The warrior gave her the briefest of smiles. “Nothing you can defend yourself against, believe me.”
The waiting group rippled and Cuchulainn caught sight of Ciarda’s dark head making her way through the throng of children.
“Come on. It’s best to face them head on.”
Side-by-side they came to a halt before the waiting group just as a lovely winged woman stepped out to greet them.
Cuchulainn made hasty introductions. “Ciarda, this is MacCallan’s Huntress, Brighid Dhianna. Brighid, Ciarda is Shaman for the New Fomorians.” He gestured at the two winged men who had followed Ciarda through the children. “And, you will remember Curran and Nevin.”
The twins nodded their heads, smiling widely at her. She was instantly struck by how well they looked. The last time she’d seen them their wings had been dreadfully torn. Now they looked whole and healthy, with only pale pink lines scarring through the delicate membranes. One of the twins spoke, but they were so identical that Brighid had no idea whether it was Curran or Nevin.
“It is good to see you again, Huntress.”
“We are all so pleased that you have come, Brighid Dhianna, famed Huntress of the MacCallans,” Ciarda said.
Brighid tried not to be distracted by the horde of watching children, even though her eyes kept being drawn to their small faces. All different sizes and shapes, they were beaming sharp-toothed smiles at her as their wings quivered with barely suppressed excitement. Puppies, she thought. They looked like a wriggling mass of healthy, happy, winged puppies.
Pulling her gaze from the children she nodded politely first to Ciarda and then the twins.
“The MacCallan thought you might need a Huntress to ease the burden of feeding your people during your journey. I was glad to be of service to her,” Brighid said.

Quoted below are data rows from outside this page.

lemma fps_cube_nth_odd_vanishing:
  fixes f :: "'a::comm_ring_1 fps"
  assumes "\<And>i. odd i \<Longrightarrow> i \<noteq> 1 \<Longrightarrow> f $ i = 0" "f $ 0 = 0" "n \<ge> 1"
  shows "(f ^ 3) $ (2 * n) = (\<Sum>(k, l, m)\<in>comp3 n. f $ (2 * k) * f $ (2 * l) * f $ (2 * m))
    + 3 * (f $ 1)\<^sup>2 * f $ (2 * n - 2)"
proof -
  define E c where "E = fps_even_part f" and "c = f $ 1"
  have "f = E + fps_const c * fps_X"
    unfolding E_def c_def using assms(1) by (rule fps_eq_even_part_plus_linear)
  hence "(f ^ 3) $ (2 * n) = ((E + fps_const c * fps_X) ^ 3) $ (2 * n)"
    by simp
  also have "\<dots> = (E ^ 3) $ (2 * n) + 3 * c\<^sup>2 * E $ (2 * n - 2)"
    unfolding E_def by (rule fps_even_plus_linear_cube_nth[OF fps_even_fps_even_part assms(3)])
  also have "(E ^ 3) $ (2 * n) = (\<Sum>(k, l, m)\<in>comp3 n. f $ (2 * k) * f $ (2 * l) * f $ (2 * m))"
  proof -
    have "fps_even_part f $ 0 = 0"
      using assms(2) by (simp add: fps_even_part_def)
    thus ?thesis
      unfolding E_def by (simp add: fps_even_cube_nth[OF fps_even_fps_even_part] fps_even_part_nth_even)
  qed
  finally show ?thesis
    by (simp add: E_def c_def fps_even_part_nth_even)
qed

lemma fps_square_nth_odd_vanishing:
  fixes f :: "'a::comm_ring_1 fps"
  assumes "\<And>i. odd i \<Longrightarrow> i \<noteq> 1 \<Longrightarrow> f $ i = 0" "f $ 0 = 0" "n \<ge> 2"
  shows "(f ^ 2) $ (2 * n) = (\<Sum>k=1..n - 1. f $ (2 * k) * f $ (2 * n - 2 * k))"
proof -
  define E c where "E = fps_even_part f" and "c = f $ 1"
  have "f = E + fps_const c * fps_X"
    unfolding E_def c_def using assms(1) by (rule fps_eq_even_part_plus_linear)
  hence "(f ^ 2) $ (2 * n) = ((E + fps_const c * fps_X) ^ 2) $ (2 * n)"
    by simp
  also have "\<dots> = (E ^ 2) $ (2 * n)"
    unfolding E_def by (rule fps_even_plus_linear_square_nth[OF fps_even_fps_even_part assms(3)])
  also have "\<dots> = (\<Sum>k=1..n - 1. f $ (2 * k) * f $ (2 * n - 2 * k))"
    using assms(2) unfolding E_def
    by (simp add: fps_even_square_nth[OF fps_even_fps_even_part] fps_even_part_nth_even)
  finally show ?thesis .
qed

section \<open>Power series with polynomial coefficients\<close>

lemma poly_eqI_of_nat:
  fixes p q :: "'a::{idom, ring_char_0} poly"
  assumes "\<And>m. poly p (of_nat m) = poly q (of_nat m)"
  shows "p = q"
proof (rule ccontr)
  assume "p \<noteq> q"
  hence "finite {x. poly (p - q) x = 0}"
    by (intro poly_roots_finite) simp
  moreover have "range (of_nat :: nat \<Rightarrow> 'a) \<subseteq> {x. poly (p - q) x = 0}"
    using assms by auto
  ultimately have "finite (range (of_nat :: nat \<Rightarrow> 'a))"
    by (rule finite_subset[rotated])
  moreover have "infinite (range (of_nat :: nat \<Rightarrow> 'a))"
    by (rule range_inj_infinite) (rule inj_of_nat)
  ultimately show False
    by contradiction
qed

definition fps_poly_eval :: "'a \<Rightarrow> 'a::comm_semiring_1 poly fps \<Rightarrow> 'a fps" where
  "fps_poly_eval y F = Abs_fps (\<lambda>n. poly (F $ n) y)"

definition fps_poly_coeff :: "nat \<Rightarrow> 'a::comm_semiring_1 poly fps \<Rightarrow> 'a fps" where
  "fps_poly_coeff j F = Abs_fps (\<lambda>n. coeff (F $ n) j)"

lemma fps_poly_eval_nth [simp]: "fps_poly_eval y F $ n = poly (F $ n) y"
  by (simp add: fps_poly_eval_def)

lemma fps_poly_coeff_nth [simp]: "fps_poly_coeff j F $ n = coeff (F $ n) j"
  by (simp add: fps_poly_coeff_def)

lemma fps_poly_eval_mult: "fps_poly_eval y (F * G) = fps_poly_eval y F * fps_poly_eval y G"
  by (rule fps_ext) (simp add: fps_mult_nth poly_sum)

lemma fps_poly_eval_power: "fps_poly_eval y (F ^ k) = fps_poly_eval y F ^ k"
proof (induction k)
  case 0
  show ?case by (rule fps_ext) simp
qed (simp add: fps_poly_eval_mult)

lemma fps_poly_coeff_mult:
  "fps_poly_coeff j (F * G) = (\<Sum>i\<le>j. fps_poly_coeff i F * fps_poly_coeff (j - i) G)"
proof (rule fps_ext)
  fix n
  have "fps_poly_coeff j (F * G) $ n
      = (\<Sum>a=0..n. \<Sum>i\<le>j. coeff (F $ a) i * coeff (G $ (n - a)) (j - i))"
    by (simp add: fps_mult_nth coeff_sum coeff_mult)
  also have "\<dots> = (\<Sum>i\<le>j. \<Sum>a=0..n. coeff (F $ a) i * coeff (G $ (n - a)) (j - i))"
    by (rule sum.swap)
  finally show "fps_poly_coeff j (F * G) $ n
      = (\<Sum>i\<le>j. fps_poly_coeff i F * fps_poly_coeff (j - i) G) $ n"
    by (simp add: fps_mult_nth fps_sum_nth)
qed

lemma fps_poly_coeff_power_eq_0:
  assumes "fps_poly_coeff 0 F = 0" "j < k"
  shows "fps_poly_coeff j (F ^ k) = 0"
  using assms(2)
proof (induction k arbitrary: j)
  case (Suc k)
  have "fps_poly_coeff i F * fps_poly_coeff (j - i) (F ^ k) = 0" if "i \<le> j" for i
    using assms(1) Suc that by (cases "i = 0") auto
  thus ?case
    by (simp add: fps_poly_coeff_mult)
qed simp

lemma sum_atMost_3: "(\<Sum>i\<le>(3::nat). f i) = f 0 + f 1 + f 2 + (f 3 :: 'a::comm_monoid_add)"
  by (simp add: numeral_3_eq_3 numeral_2_eq_2 add.assoc)

lemma fps_poly_coeff_3_square:
  assumes "fps_poly_coeff 0 F = 0"
  shows "fps_poly_coeff 3 (F ^ 2) = 2 * (fps_poly_coeff 1 F * fps_poly_coeff 2 F)"
  using assms by (simp add: power2_eq_square fps_poly_coeff_mult sum_atMost_3 mult_2 mult.commute)

lemma fps_poly_coeff_3_cube:
  assumes "fps_poly_coeff 0 F = 0"
  shows "fps_poly_coeff 3 (F ^ 3) = fps_poly_coeff 1 F ^ 3"
proof -
  have "fps_poly_coeff 3 (F ^ 3) = fps_poly_coeff 3 (F * F ^ 2)"
    by (simp only: power3_eq_cube power2_eq_square mult.assoc)
  also have "\<dots> = fps_poly_coeff 1 F * fps_poly_coeff 2 (F ^ 2)"
    using assms fps_poly_coeff_power_eq_0[OF assms, of _ 2]
    by (simp add: fps_poly_coeff_mult sum_atMost_3)
  also have "fps_poly_coeff 2 (F ^ 2) = fps_poly_coeff 1 F ^ 2"
    using assms by (simp add: power2_eq_square fps_poly_coeff_mult numeral_2_eq_2)
  finally show ?thesis
    by (simp add: power3_eq_cube power2_eq_square mult.assoc)
qed

definition fps_poly_exp :: "'a::field_char_0 poly fps \<Rightarrow> 'a poly fps" where
  "fps_poly_exp F = Abs_fps (\<lambda>N. \<Sum>k=0..N. smult (1 / fact k) ((F ^ k) $ N))"

lemma fps_poly_eval_exp: "fps_poly_eval y (fps_poly_exp F) = fps_exp 1 oo fps_poly_eval y F"
  by (rule fps_ext)
    (simp add: fps_poly_exp_def fps_compose_nth poly_sum fps_poly_eval_power[symmetric])

lemma fps_poly_coeff_3_exp:
  assumes "fps_poly_coeff 0 F = 0" "N \<ge> 3"
  shows "fps_poly_coeff 3 (fps_poly_exp F) $ N
    = fps_poly_coeff 3 F $ N + (fps_poly_coeff 1 F * fps_poly_coeff 2 F) $ N
      + (fps_poly_coeff 1 F ^ 3) $ N / 6"
proof -
  have "fps_poly_coeff 3 (fps_poly_exp F) $ N = (\<Sum>k=0..N. fps_poly_coeff 3 (F ^ k) $ N / fact k)"
    by (simp add: fps_poly_exp_def coeff_sum)
  also have "\<dots> = (\<Sum>k=0..3. fps_poly_coeff 3 (F ^ k) $ N / fact k)"
    using assms fps_poly_coeff_power_eq_0[OF assms(1)]
    by (intro sum.mono_neutral_right) auto
  also have "\<dots> = fps_poly_coeff 3 F $ N + fps_poly_coeff 3 (F ^ 2) $ N / 2
      + fps_poly_coeff 3 (F ^ 3) $ N / 6"
    using assms(2) by (simp add: numeral_3_eq_3 numeral_2_eq_2 fact_numeral)
  finally show ?thesis
    using assms(1) by (simp add: fps_poly_coeff_3_square fps_poly_coeff_3_cube numeral_fps_const)
qed

section \<open>Sums over compositions and harmonic numbers\<close>

lemma sum_comp3_times_last:
  fixes g :: "nat \<Rightarrow> real"
  shows "(\<Sum>(k, l, m)\<in>comp3 n. g k * g l * g m * real m)
    = real n / 3 * (\<Sum>(k, l, m)\<in>comp3 n. g k * g l * g m)"
proof -
  let ?S = "\<lambda>h. \<Sum>(k, l, m)\<in>comp3 n. g k * g l * g m * real (h k l m)"
  have "?S (\<lambda>k l m. m) = ?S (\<lambda>k l m. k)"
    by (rule sum.reindex_bij_witness[where i = "\<lambda>(k, l, m). (m, l, k)"
          and j = "\<lambda>(k, l, m). (m, l, k)"]) (auto simp: comp3_def)
  moreover have "?S (\<lambda>k l m. m) = ?S (\<lambda>k l m. l)"
    by (rule sum.reindex_bij_witness[where i = "\<lambda>(k, l, m). (k, m, l)"
          and j = "\<lambda>(k, l, m). (k, m, l)"]) (auto simp: comp3_def)
  moreover have "?S (\<lambda>k l m. k) + ?S (\<lambda>k l m. l) + ?S (\<lambda>k l m. m)
      = real n * (\<Sum>(k, l, m)\<in>comp3 n. g k * g l * g m)"
    unfolding sum.distrib[symmetric] sum_distrib_left
    by (rule sum.cong) (auto simp: comp3_def algebra_simps)
  ultimately show ?thesis
    by simp
qed
(* In the binary relay channel described in the context, fix any relay encoding scheme, i.e. any mapping producing $X_1^n$ from $Y_1^n$ (so that $Z^n - Y_1^n - X_1^n - S^n$ is a Markov chain), and let $S^n$ be the output of the memoryless binary symmetric channel $S_i=X_{1i}\oplus N_i$. Let $R_0=\max_{p(x_1)}I(X_1;S)=1-h(\epsilon)$. Then $$H(Z^n\mid S^n)\ \ge\ n\min_{p(u\mid y_1):\ I(U;Y_1)\le R_0} H(Z\mid U),$$ where in the minimization $(Z,Y_1,U)$ has joint law $p(z)p(y_1\mid z)p(u\mid y_1)$ with $Z\sim\mathrm{Ber}(p)$, $Y_1=Z\oplus V$, $V\sim\mathrm{Ber}(\delta)$ independent of $Z$; the minimization may be restricted to $U$ with $|\mathcal U|\le|\mathcal Y_1|+2$.
   Context: Binary relay channel: all alphabets are $\{0,1\}$ and $\oplus$ denotes addition mod 2. Let $Z_i$, $V_i$, $N_i$ ($i=1,2,\dots$) be mutually independent i.i.d. sequences with $Z_i\sim\mathrm{Ber}(p)$, $V_i\sim\mathrm{Ber}(\delta)$, $N_i\sim\mathrm{Ber}(\epsilon)$. The relay observes $Y_{1i}=Z_i\oplus V_i$, sends $X_{1i}$, and the destination receives $S_i=X_{1i}\oplus N_i$. Entropies are in bits; $h(q)=-q\log_2q-(1-q)\log_2(1-q)$. *)

theory Defs
  imports Complex_Main
begin

definition bin_ent :: "real \<Rightarrow> real" where
  "bin_ent q = - (if q = 0 then 0 else q * log 2 q)
               - (if 1 - q = 0 then 0 else (1 - q) * log 2 (1 - q))"

definition xlogxy :: "real \<Rightarrow> real \<Rightarrow> real" where
  "xlogxy a b = (if a = 0 then 0 else a * log 2 (a / b))"

definition ber :: "real \<Rightarrow> bool \<Rightarrow> real" where
  "ber q b = (if b then q else 1 - q)"

definition bxor :: "bool \<Rightarrow> bool \<Rightarrow> bool" where
  "bxor a b = (a \<noteq> b)"

definition seqs :: "nat \<Rightarrow> bool list set" where
  "seqs n = {xs. length xs = n}"

text \<open>A relay encoding scheme: a (possibly randomized) map from Y1^n to X1^n,
  given as a stochastic kernel K y x = P(X1^n = x | Y1^n = y).\<close>
definition relay_kernel :: "nat \<Rightarrow> (bool list \<Rightarrow> bool list \<Rightarrow> real) \<Rightarrow> bool" where
  "relay_kernel n K \<longleftrightarrow>
     (\<forall>y x. 0 \<le> K y x) \<and> (\<forall>y \<in> seqs n. (\<Sum>x\<in>seqs n. K y x) = 1)"

definition joint :: "real \<Rightarrow> real \<Rightarrow> real \<Rightarrow> nat \<Rightarrow> (bool list \<Rightarrow> bool list \<Rightarrow> real)
    \<Rightarrow> bool list \<Rightarrow> bool list \<Rightarrow> bool list \<Rightarrow> bool list \<Rightarrow> real" where
  "joint p \<delta> \<epsilon> n K z y x s =
     (\<Prod>i<n. ber p (z ! i) * ber \<delta> (bxor (y ! i) (z ! i))) * K y x
     * (\<Prod>i<n. ber \<epsilon> (bxor (s ! i) (x ! i)))"

definition pZS :: "real \<Rightarrow> real \<Rightarrow> real \<Rightarrow> nat \<Rightarrow> (bool list \<Rightarrow> bool list \<Rightarrow> real)
    \<Rightarrow> bool list \<Rightarrow> bool list \<Rightarrow> real" where
  "pZS p \<delta> \<epsilon> n K z s = (\<Sum>y\<in>seqs n. \<Sum>x\<in>seqs n. joint p \<delta> \<epsilon> n K z y x s)"

definition pS :: "real \<Rightarrow> real \<Rightarrow> real \<Rightarrow> nat \<Rightarrow> (bool list \<Rightarrow> bool list \<Rightarrow> real)
    \<Rightarrow> bool list \<Rightarrow> real" where
  "pS p \<delta> \<epsilon> n K s = (\<Sum>z\<in>seqs n. pZS p \<delta> \<epsilon> n K z s)"

definition H_Zn_Sn :: "real \<Rightarrow> real \<Rightarrow> real \<Rightarrow> nat \<Rightarrow> (bool list \<Rightarrow> bool list \<Rightarrow> real) \<Rightarrow> real" where
  "H_Zn_Sn p \<delta> \<epsilon> n K =
     - (\<Sum>z\<in>seqs n. \<Sum>s\<in>seqs n. xlogxy (pZS p \<delta> \<epsilon> n K z s) (pS p \<delta> \<epsilon> n K s))"

definition test_channel :: "nat \<Rightarrow> (bool \<Rightarrow> nat \<Rightarrow> real) \<Rightarrow> bool" where
  "test_channel m q \<longleftrightarrow> (\<forall>y u. 0 \<le> q y u) \<and> (\<forall>y. (\<Sum>u<m. q y u) = 1)"

definition pZYU :: "real \<Rightarrow> real \<Rightarrow> (bool \<Rightarrow> nat \<Rightarrow> real) \<Rightarrow> bool \<Rightarrow> bool \<Rightarrow> nat \<Rightarrow> real" where
  "pZYU p \<delta> q z y u = ber p z * ber \<delta> (bxor y z) * q y u"

definition pY1 :: "real \<Rightarrow> real \<Rightarrow> bool \<Rightarrow> real" where
  "pY1 p \<delta> y = (\<Sum>z\<in>UNIV. ber p z * ber \<delta> (bxor y z))"

definition pU :: "real \<Rightarrow> real \<Rightarrow> (bool \<Rightarrow> nat \<Rightarrow> real) \<Rightarrow> nat \<Rightarrow> real" where
  "pU p \<delta> q u = (\<Sum>z\<in>UNIV. \<Sum>y\<in>UNIV. pZYU p \<delta> q z y u)"

definition pZU :: "real \<Rightarrow> real \<Rightarrow> (bool \<Rightarrow> nat \<Rightarrow> real) \<Rightarrow> bool \<Rightarrow> nat \<Rightarrow> real" where
  "pZU p \<delta> q z u = (\<Sum>y\<in>UNIV. pZYU p \<delta> q z y u)"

“And now I understand why I have dreamed of a silver hawk with gold-tipped wings these past several nights,” Ciarda said, looking from the Huntress’s silver-white fall of long hair to the golden gleam of her equine coat.
Brighid kept her face carefully neutral, but the mention of the Shaman’s dream of a spirit guide was like a fist to her gut. Even here, in the far off Wastelands, she could not escape the threads of her childhood. And then, as if thinking about her own childhood had been the invisible signal to release their silence, a small voice from the group of children trilled across the space between them.
“Oooh, you are even more beautiful than I imagined!”
The Huntress’s eyes sought and found the miniature speaker – a small girl child who was standing near Ciarda. Her hair and wings were an unusual silver-gray color, like the breast of a dove. Her large eyes were bright with intelligence.
“Thank you,” Brighid said.
“That is Kyna,” Cuchulainn said.
At the mention of her name the child bobbed excitedly up and down on her tip-toes.
“Cuchulainn, can I come closer? Please! Pllllease!”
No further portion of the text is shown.